WHAT YOU HAVE TO DO:
Which lines of the records below contain the word "else"? Report each of them in full.

START STUDY MATERIAL

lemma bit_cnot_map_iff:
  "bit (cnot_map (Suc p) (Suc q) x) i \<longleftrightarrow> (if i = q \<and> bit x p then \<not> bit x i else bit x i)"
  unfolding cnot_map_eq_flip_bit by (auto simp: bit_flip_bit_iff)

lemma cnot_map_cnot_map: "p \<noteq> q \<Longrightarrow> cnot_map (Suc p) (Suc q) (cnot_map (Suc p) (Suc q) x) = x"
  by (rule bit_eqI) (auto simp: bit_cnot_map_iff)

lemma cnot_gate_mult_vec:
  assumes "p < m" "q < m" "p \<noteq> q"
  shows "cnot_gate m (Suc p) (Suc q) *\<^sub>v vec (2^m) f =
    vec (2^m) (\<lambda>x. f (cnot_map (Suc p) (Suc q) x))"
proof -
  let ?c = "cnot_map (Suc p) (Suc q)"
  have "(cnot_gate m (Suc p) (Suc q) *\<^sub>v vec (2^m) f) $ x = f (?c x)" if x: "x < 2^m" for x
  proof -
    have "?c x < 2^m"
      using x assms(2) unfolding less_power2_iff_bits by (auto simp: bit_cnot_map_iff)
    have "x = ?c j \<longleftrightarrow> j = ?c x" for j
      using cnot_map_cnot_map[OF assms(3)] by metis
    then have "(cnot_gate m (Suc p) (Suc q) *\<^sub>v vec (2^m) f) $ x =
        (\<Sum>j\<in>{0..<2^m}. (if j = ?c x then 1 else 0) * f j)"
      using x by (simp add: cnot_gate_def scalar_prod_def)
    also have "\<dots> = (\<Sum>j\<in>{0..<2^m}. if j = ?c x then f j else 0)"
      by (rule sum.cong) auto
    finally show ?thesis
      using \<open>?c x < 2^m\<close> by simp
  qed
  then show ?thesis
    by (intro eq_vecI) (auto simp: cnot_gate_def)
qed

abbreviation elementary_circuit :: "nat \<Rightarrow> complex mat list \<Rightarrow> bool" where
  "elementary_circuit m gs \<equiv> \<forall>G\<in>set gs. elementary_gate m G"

END STUDY MATERIAL
START STUDY MATERIAL

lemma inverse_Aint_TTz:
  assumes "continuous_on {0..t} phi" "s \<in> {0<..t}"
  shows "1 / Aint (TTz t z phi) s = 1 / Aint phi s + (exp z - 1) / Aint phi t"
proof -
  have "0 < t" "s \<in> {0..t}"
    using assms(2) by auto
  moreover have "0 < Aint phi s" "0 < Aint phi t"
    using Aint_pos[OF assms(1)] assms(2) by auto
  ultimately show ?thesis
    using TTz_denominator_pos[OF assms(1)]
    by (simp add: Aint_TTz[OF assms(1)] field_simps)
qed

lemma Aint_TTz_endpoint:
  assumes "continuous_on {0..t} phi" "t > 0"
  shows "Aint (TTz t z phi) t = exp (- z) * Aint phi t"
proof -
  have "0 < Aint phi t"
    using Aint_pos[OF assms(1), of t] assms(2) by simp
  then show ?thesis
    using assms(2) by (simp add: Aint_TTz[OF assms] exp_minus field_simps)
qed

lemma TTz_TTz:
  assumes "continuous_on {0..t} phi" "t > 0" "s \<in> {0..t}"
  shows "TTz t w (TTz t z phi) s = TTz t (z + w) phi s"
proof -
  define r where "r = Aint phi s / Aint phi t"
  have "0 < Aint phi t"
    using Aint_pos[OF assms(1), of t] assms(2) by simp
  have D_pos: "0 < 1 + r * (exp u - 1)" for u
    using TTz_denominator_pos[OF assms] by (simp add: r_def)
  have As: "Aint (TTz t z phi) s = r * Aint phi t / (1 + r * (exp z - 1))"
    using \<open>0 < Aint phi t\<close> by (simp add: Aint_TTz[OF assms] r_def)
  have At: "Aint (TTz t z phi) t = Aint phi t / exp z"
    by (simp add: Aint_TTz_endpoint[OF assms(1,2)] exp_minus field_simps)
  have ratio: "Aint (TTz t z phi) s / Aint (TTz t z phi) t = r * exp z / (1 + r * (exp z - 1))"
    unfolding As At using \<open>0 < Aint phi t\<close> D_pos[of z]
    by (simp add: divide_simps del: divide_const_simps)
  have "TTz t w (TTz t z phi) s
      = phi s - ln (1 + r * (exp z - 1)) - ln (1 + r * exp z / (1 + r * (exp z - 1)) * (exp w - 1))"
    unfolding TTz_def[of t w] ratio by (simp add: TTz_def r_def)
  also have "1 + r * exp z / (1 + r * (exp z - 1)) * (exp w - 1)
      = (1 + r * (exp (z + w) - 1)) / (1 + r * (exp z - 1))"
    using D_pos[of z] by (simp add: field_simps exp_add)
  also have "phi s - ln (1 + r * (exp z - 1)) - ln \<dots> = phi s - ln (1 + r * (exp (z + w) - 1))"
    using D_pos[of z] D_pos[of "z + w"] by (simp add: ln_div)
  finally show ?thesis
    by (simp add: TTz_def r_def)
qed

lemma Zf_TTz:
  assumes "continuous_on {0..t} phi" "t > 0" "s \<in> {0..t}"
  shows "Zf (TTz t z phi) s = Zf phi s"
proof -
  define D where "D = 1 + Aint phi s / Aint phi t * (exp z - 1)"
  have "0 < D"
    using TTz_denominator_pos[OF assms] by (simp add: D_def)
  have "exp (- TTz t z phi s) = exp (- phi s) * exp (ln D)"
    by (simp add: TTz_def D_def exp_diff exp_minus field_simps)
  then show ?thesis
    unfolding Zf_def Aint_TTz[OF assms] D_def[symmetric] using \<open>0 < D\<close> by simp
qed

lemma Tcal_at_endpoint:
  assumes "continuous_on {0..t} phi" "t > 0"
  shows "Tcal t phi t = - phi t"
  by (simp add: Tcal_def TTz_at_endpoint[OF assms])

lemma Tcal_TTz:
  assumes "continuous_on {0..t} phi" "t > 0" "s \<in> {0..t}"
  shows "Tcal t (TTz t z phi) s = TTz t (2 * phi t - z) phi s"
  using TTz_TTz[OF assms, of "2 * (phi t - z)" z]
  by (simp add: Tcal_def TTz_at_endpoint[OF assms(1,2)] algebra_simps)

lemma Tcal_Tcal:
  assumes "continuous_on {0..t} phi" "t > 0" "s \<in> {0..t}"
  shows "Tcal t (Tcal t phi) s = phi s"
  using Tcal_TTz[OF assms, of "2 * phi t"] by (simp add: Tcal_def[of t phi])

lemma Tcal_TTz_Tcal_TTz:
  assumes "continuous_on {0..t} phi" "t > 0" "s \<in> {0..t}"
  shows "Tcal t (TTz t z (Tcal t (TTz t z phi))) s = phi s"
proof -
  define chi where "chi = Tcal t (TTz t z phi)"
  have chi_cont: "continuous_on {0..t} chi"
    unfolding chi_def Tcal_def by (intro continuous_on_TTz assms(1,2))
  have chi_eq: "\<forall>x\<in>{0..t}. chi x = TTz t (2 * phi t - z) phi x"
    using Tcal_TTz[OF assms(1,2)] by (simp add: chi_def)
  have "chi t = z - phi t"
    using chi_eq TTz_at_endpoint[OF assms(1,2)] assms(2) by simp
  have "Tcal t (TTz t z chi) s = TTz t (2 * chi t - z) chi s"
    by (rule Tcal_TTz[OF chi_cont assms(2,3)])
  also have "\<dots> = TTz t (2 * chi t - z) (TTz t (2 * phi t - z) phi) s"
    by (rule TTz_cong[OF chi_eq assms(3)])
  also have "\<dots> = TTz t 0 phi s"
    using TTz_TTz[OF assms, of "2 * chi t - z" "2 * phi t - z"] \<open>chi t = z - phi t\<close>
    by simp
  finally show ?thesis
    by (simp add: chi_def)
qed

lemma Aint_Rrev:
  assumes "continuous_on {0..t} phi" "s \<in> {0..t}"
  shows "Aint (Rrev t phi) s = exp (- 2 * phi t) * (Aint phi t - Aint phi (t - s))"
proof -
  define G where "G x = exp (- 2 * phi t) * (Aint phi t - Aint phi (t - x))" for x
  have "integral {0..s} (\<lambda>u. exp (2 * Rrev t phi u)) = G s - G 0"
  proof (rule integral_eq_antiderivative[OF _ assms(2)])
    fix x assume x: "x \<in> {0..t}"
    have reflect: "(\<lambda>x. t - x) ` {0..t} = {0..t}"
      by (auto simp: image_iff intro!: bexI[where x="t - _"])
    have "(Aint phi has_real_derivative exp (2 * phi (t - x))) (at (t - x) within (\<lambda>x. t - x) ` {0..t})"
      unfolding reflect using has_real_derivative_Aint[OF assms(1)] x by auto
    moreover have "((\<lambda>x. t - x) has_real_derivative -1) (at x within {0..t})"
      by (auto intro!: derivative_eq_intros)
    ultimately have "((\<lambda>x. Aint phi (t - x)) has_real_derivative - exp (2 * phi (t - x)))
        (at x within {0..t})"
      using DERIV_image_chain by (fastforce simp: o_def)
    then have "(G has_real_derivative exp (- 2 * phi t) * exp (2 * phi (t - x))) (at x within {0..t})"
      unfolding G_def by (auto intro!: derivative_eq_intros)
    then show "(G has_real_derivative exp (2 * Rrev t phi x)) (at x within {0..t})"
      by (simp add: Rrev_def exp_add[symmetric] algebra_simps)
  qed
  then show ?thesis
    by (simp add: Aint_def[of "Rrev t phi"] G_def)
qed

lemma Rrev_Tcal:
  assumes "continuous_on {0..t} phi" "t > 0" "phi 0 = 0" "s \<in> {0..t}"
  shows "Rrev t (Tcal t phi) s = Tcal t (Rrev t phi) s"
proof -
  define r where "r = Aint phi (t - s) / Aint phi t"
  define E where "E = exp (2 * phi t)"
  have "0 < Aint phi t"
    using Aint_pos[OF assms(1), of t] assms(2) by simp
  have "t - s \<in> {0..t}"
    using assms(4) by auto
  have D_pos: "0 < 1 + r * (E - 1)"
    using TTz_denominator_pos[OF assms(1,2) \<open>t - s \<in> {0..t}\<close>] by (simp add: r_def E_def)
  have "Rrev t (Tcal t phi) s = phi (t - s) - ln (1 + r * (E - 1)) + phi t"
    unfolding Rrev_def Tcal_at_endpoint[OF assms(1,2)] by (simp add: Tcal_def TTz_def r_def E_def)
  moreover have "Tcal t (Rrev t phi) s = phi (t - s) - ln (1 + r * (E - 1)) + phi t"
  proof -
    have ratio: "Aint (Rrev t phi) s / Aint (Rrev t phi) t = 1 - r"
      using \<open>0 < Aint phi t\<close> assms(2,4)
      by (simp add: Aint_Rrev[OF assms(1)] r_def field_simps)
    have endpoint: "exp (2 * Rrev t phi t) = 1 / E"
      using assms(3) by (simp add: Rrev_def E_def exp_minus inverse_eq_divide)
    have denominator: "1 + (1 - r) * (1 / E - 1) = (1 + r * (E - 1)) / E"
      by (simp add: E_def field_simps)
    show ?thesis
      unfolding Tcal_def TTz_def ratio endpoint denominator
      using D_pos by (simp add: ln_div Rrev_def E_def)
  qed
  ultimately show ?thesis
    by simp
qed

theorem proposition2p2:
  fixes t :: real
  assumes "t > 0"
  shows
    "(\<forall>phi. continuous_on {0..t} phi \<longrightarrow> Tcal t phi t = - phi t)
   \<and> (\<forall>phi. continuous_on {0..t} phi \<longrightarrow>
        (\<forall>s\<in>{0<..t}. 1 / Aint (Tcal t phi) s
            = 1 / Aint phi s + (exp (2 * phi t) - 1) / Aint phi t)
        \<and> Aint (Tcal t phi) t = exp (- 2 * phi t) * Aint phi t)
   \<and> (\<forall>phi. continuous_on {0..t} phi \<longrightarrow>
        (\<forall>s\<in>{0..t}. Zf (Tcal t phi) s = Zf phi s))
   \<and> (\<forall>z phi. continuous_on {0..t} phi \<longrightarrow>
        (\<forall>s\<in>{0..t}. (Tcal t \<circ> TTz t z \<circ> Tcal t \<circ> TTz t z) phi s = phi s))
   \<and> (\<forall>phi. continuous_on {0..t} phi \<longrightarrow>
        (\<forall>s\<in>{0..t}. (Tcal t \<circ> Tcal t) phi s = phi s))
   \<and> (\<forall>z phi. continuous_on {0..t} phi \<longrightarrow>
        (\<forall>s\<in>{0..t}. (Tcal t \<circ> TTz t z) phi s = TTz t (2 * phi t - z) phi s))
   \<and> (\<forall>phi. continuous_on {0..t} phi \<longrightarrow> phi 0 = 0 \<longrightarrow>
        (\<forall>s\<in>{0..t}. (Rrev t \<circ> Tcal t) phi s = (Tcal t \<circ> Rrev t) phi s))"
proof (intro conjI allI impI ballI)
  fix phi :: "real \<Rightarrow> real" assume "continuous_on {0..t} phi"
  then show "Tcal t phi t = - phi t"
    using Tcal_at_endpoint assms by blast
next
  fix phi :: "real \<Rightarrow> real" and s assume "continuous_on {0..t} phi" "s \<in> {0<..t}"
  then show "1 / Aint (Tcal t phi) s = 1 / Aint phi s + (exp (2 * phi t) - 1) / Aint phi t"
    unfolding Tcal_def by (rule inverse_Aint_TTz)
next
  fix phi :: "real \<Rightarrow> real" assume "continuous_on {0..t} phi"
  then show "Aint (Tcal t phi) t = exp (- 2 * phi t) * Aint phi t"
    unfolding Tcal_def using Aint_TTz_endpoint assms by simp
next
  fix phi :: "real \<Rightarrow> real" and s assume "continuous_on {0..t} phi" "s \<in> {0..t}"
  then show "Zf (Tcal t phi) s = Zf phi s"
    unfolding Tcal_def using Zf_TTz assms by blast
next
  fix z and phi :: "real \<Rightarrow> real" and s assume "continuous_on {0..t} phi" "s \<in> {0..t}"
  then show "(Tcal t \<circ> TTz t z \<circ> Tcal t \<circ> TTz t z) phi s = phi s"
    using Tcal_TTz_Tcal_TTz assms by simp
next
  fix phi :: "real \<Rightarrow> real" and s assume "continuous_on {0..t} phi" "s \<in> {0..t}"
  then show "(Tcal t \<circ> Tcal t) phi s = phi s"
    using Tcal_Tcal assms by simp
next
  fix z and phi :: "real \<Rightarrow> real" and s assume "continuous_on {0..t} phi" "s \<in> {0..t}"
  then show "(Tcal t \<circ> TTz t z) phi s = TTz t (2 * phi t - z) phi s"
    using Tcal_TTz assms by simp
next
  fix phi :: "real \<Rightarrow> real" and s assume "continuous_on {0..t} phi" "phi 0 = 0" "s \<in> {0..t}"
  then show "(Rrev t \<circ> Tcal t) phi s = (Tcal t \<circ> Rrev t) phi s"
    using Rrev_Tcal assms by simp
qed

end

END STUDY MATERIAL

FINISHED EXERCISE:
  "bit (cnot_map (Suc p) (Suc q) x) i \<longleftrightarrow> (if i = q \<and> bit x p then \<not> bit x i else bit x i)"
        (\<Sum>j\<in>{0..<2^m}. (if j = ?c x then 1 else 0) * f j)"
    also have "\<dots> = (\<Sum>j\<in>{0..<2^m}. if j = ?c x then f j else 0)"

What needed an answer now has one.